On my part, I don't use that carry method at ll. When I have to substract, I substract by chunks that my brain can easily subtract. For example 1233 - 718, I'll do 1233 - 700 = 533 then 533 - 20 = 513 then 513 + 2 = 515. It's completely instinctive (and thus I can't explain to my children :-) )

What I have asked my children to do very often is back-of-the-envelope multiplications and other computations. That really helped them to get a sense of the magnitude of things.

"Common core" math is an attempt to codify this style so more kids can get a deeper understanding of numbers instead of just blindly following steps. Like the people that created it noticed people like you and me (I do something similar but not quite the same) have an intuitive understanding of math that made us good at it that they want to replicate for everyone. But it seems like very few parents and teachers understand it themselves, resulting in a blind-leading-the-blind situation where it gets taught in a bad way that doesn't achieve the goal.

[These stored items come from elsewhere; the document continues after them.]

lemma ln_add_mult_sub_ln_div_le:
  fixes \<alpha> c l d :: real
  assumes "0 \<le> \<alpha>" "0 \<le> d" "d \<le> l" "0 < l \<Longrightarrow> 0 < d" "0 < \<alpha> + c * l"
  shows "ln (\<alpha> + c * l) - ln (l / d) \<le> ln (\<alpha> + c * d)"
proof (cases "l = 0")
  case True
  then show ?thesis
    using assms(2,3) by simp
next
  case False
  then have "0 < l" "0 < d"
    using assms(2-4) by linarith+
  then have "ln (\<alpha> + c * l) - ln (l / d) = ln ((\<alpha> + c * l) * d / l)"
    using assms(5) by (simp add: ln_div ln_mult)
  also have "\<dots> \<le> ln (\<alpha> + c * d)"
  proof (rule ln_mono)
    show "0 < (\<alpha> + c * l) * d / l"
      using \<open>0 < l\<close> \<open>0 < d\<close> assms(5) by simp
    have "\<alpha> * (d / l) \<le> \<alpha>"
      using \<open>0 < l\<close> assms(1,3) by (intro mult_left_le) auto
    then show "(\<alpha> + c * l) * d / l \<le> \<alpha> + c * d"
      using \<open>0 < l\<close> by (simp add: field_simps)
  qed
  finally show ?thesis .
qed

lemma ln_add_mult_sub_ln_div_ge:
  fixes \<alpha> c l d :: real
  assumes "0 \<le> \<alpha>" "0 < c" "0 < d" "0 < l"
  shows "ln (1 + \<alpha>) + (\<alpha> * ln (d / l) + ln (c * d)) / (1 + \<alpha>) \<le> ln (\<alpha> + c * l) - ln (l / d)"
proof -
  have "0 < \<alpha> + c * l"
    using assms by (simp add: add_nonneg_pos)
  with assms have "ln (\<alpha> + c * l) - ln (l / d) = ln ((\<alpha> + c * l) * d / l)"
    by (simp add: ln_div ln_mult)
  also have "(\<alpha> + c * l) * d / l = \<alpha> * (d / l) + c * d"
    using assms(4) by (simp add: field_simps)
  finally show ?thesis
    using ln_add_ge_weighted[of \<alpha> "d / l" "c * d"] assms by simp
qed

lemma ln_prod_sub_sum_ln_div_le:
  fixes lam d :: "'n::finite \<Rightarrow> real"
  assumes "0 \<le> \<alpha>" "0 < D" "\<And>i. 0 \<le> d i" "\<And>i. d i \<le> lam i" "\<And>i. 0 < lam i \<Longrightarrow> 0 < d i"
    and "sum d UNIV = D"
  shows "ln (\<Prod>i\<in>UNIV. \<alpha> + CARD('n) / D * lam i) - (\<Sum>i\<in>UNIV. ln (lam i / d i))
    \<le> CARD('n) * ln (1 + \<alpha>)"
proof (cases "\<exists>i. \<alpha> + CARD('n) / D * lam i = 0")
  case True
  \<comment> \<open>Possible only for \<alpha> = 0 and a zero eigenvalue; then the product vanishes and ln 0 = 0.\<close>
  have "0 \<le> ln (lam i / d i)" for i
    using assms(3,4)[of i] by (cases "d i = 0") auto
  then have "0 \<le> (\<Sum>i\<in>UNIV. ln (lam i / d i))"
    by (intro sum_nonneg)
  moreover have "(\<Prod>i\<in>UNIV. \<alpha> + CARD('n) / D * lam i) = 0"
    using True by (intro prod_zero) auto
  moreover have "0 \<le> CARD('n) * ln (1 + \<alpha>)"
    using assms(1) by simp
  ultimately show ?thesis
    by (simp del: prod_zero_iff)
next
  case False
  let ?c = "CARD('n) / D"
  have "0 \<le> \<alpha> + ?c * lam i" for i
    using assms(1,2) assms(3,4)[of i] by (intro add_nonneg_nonneg mult_nonneg_nonneg) auto
  with False have a_pos: "0 < \<alpha> + ?c * lam i" for i
    by (metis less_eq_real_def)
  have "0 < \<alpha> + ?c * d i" for i
    using a_pos[of i] assms(1,2) assms(3-5)[of i]
    by (cases "lam i = 0") (auto simp: add_nonneg_pos)
  have "ln (\<Prod>i\<in>UNIV. \<alpha> + ?c * lam i) - (\<Sum>i\<in>UNIV. ln (lam i / d i))
      = (\<Sum>i\<in>UNIV. ln (\<alpha> + ?c * lam i) - ln (lam i / d i))"
    using False by (simp add: ln_prod sum_subtractf)
  also have "\<dots> \<le> (\<Sum>i\<in>UNIV. ln (\<alpha> + ?c * d i))"
    using assms a_pos by (intro sum_mono ln_add_mult_sub_ln_div_le) auto
  also have "\<dots> \<le> CARD('n) * ln ((\<Sum>i\<in>UNIV. \<alpha> + ?c * d i) / CARD('n))"
    using sum_ln_le_card_mult_ln_mean[of UNIV "\<lambda>i. \<alpha> + ?c * d i"] \<open>\<And>i. 0 < \<alpha> + ?c * d i\<close>
    by simp
  also have "(\<Sum>i\<in>UNIV. \<alpha> + ?c * d i) / CARD('n) = 1 + \<alpha>"
    using assms(2,6)
    by (simp add: sum.distrib field_simps flip: sum_distrib_left sum_distrib_right sum_divide_distrib)
  finally show ?thesis .
qed

lemma sum_ln_div_ge_neg_ln_mean:
  fixes lam d :: "'n::finite \<Rightarrow> real"
  assumes "0 < m" "\<And>i. m \<le> d i" "\<And>i. d i \<le> lam i"
  shows "- (CARD('n) * ln (sum lam UNIV / CARD('n) / m)) \<le> (\<Sum>i\<in>UNIV. ln (d i / lam i))"
proof -
  have d_pos: "0 < d i" and lam_pos: "0 < lam i" for i
    using assms(1) assms(2,3)[of i] by linarith+
  have "(\<Sum>i\<in>UNIV. ln (lam i / d i)) \<le> CARD('n) * ln ((\<Sum>i\<in>UNIV. lam i / d i) / CARD('n))"
    using d_pos lam_pos by (intro sum_ln_le_card_mult_ln_mean) auto
  also have "\<dots> \<le> CARD('n) * ln ((\<Sum>i\<in>UNIV. lam i / m) / CARD('n))"
    using assms d_pos lam_pos
    by (intro mult_left_mono ln_mono divide_right_mono sum_mono divide_left_mono sum_pos divide_pos_pos)
      (auto simp: less_imp_le)
  also have "(\<Sum>i\<in>UNIV. lam i / m) / CARD('n) = sum lam UNIV / CARD('n) / m"
    by (simp flip: sum_divide_distrib)
  moreover have "ln (d i / lam i) = - ln (lam i / d i)" for i
    using d_pos lam_pos by (simp add: ln_div)
  ultimately show ?thesis
    by (simp add: sum_negf)
qed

Also aside, in the method I was taught in school (and I assume you and GP from terminology), "carrying" is what you do with addition (an extra 1 can be carried to the next column), "borrowing" is for subtraction (take a 1 away from the next column if needed).

I have a two year old and often worry that I'll teach him some intuitive arithmetic technique, then school will later force a different method and mark him down despite getting the right answer. What if it ends up making him hate school, maths, or both?

  • I experienced this. Only made me hate school, but maybe because I had game programming at home to appreciate math with

    Just expose them to everyday math so they aren't one of those people who think math has no practical uses. My father isn't great with math, but would raise questions like how wide a river was (solvable from one side with trig, using 30 degree angles for easy math). Napkin math makes things much more fun than strict classroom math with one right answer

  • Commonly school is teaching a method. "Getting the right answer" is just a byproduct of applying the method. If you tell your kid that they should just learn the methods you teach and be dismissive or angry about school trying to teach them other techniques, that's probably going to cause some issues downstream.

    Techniques of an "intuitive" character often lack or have formal underpinnings that are hard to understand, which means they do not to the same extent implicitly teach analytical methods that might later be a requirement for formal deduction.

    • I hope that I wouldn't be dismissive or angry. My worry is that my son will feel dejected because he (correctly) thinks he understands something but is told he's wrong. I also worry about him getting external validation from following a method, and will value that over genuine understanding and flexible thinking. But I see your point that it's my responsibility to help him work through that and engage with the syllabus.

This doesn’t scale to larger numbers though. I do that too for smaller subtractions but if I need to calculate some 9 digit computation then I would use the standard pen and paper tabular method with borrowing (not that it comes up in practice).